Problem to work on. Set down exactly the first line of the entries and every line after it, through the line with "lemma log_inv_cong: assumes".

Source material.
lemma ticket_inv_cong: assumes "cC c' = cC c" shows "ticket_inv h c' tm = ticket_inv h c tm"
  unfolding ticket_inv_def issued_cong[OF assms] assms ..

lemma log_inv_cong: assumes "cC c' = cC c" "unannounced c' = unannounced c" "cS c' = cS c"
  shows "log_inv \<delta> s0 h c' tm lg = log_inv \<delta> s0 h c tm lg"
  unfolding log_inv_def issued_cong[OF assms(1)] assms(2,3) ..

lemma log_H_written_cong: "cH c' = cH c \<Longrightarrow> log_H_written c' lg = log_H_written c lg" by (simp add: log_H_written_def)

lemma unannounced_upd:
  assumes "cL c' = (cL c)(p := l')" "l_pc l' = 3 \<longleftrightarrow> pc_of c p = 3"
  "l_pc l' = 3 \<Longrightarrow> l_t l' = ticket_of c p" shows "unannounced c' = unannounced c"
  using assms by (auto simp: unannounced_def fun_eq_iff)

definition no_new_null :: "('p,'o,'r,'s) conf \<Rightarrow> ('p,'o,'r,'s) conf \<Rightarrow> ('p,'r,'s) entry list \<Rightarrow> bool" where
  "no_new_null c c' lg \<longleftrightarrow> (\<forall>E\<in>set lg. cH c' (e_proc E) = (e_time E, Null) \<longrightarrow> cH c (e_proc E) = (e_time E, Null))"

lemma log_H_written_weaken: "log_H_written c lg \<Longrightarrow> no_new_null c c' lg \<Longrightarrow> log_H_written c' lg"
  unfolding log_H_written_def no_new_null_def by (meson nth_mem Suc_lessD)

lemma A_inv_weaken: "A_inv h c tm tr \<Longrightarrow> cC c' = cC c \<Longrightarrow> (\<forall>q t. unannounced c' q t \<longrightarrow> unannounced c q t) \<Longrightarrow> A_inv h c' tm tr"
  unfolding A_inv_def using issued_cong[of c' c] by auto

lemma log_inv_weaken: "log_inv \<delta> s0 h c tm lg \<Longrightarrow> cC c' = cC c \<Longrightarrow> cS c' = cS c \<Longrightarrow>
   (\<forall>q t. unannounced c' q t \<longrightarrow> unannounced c q t) \<Longrightarrow> log_inv \<delta> s0 h c' tm lg"
  unfolding log_inv_def using issued_cong[of c' c] by auto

Exercise response.
lemma ticket_inv_cong: assumes "cC c' = cC c" shows "ticket_inv h c' tm = ticket_inv h c tm"
  unfolding ticket_inv_def issued_cong[OF assms] assms ..

lemma log_inv_cong: assumes "cC c' = cC c" "unannounced c' = unannounced c" "cS c' = cS c"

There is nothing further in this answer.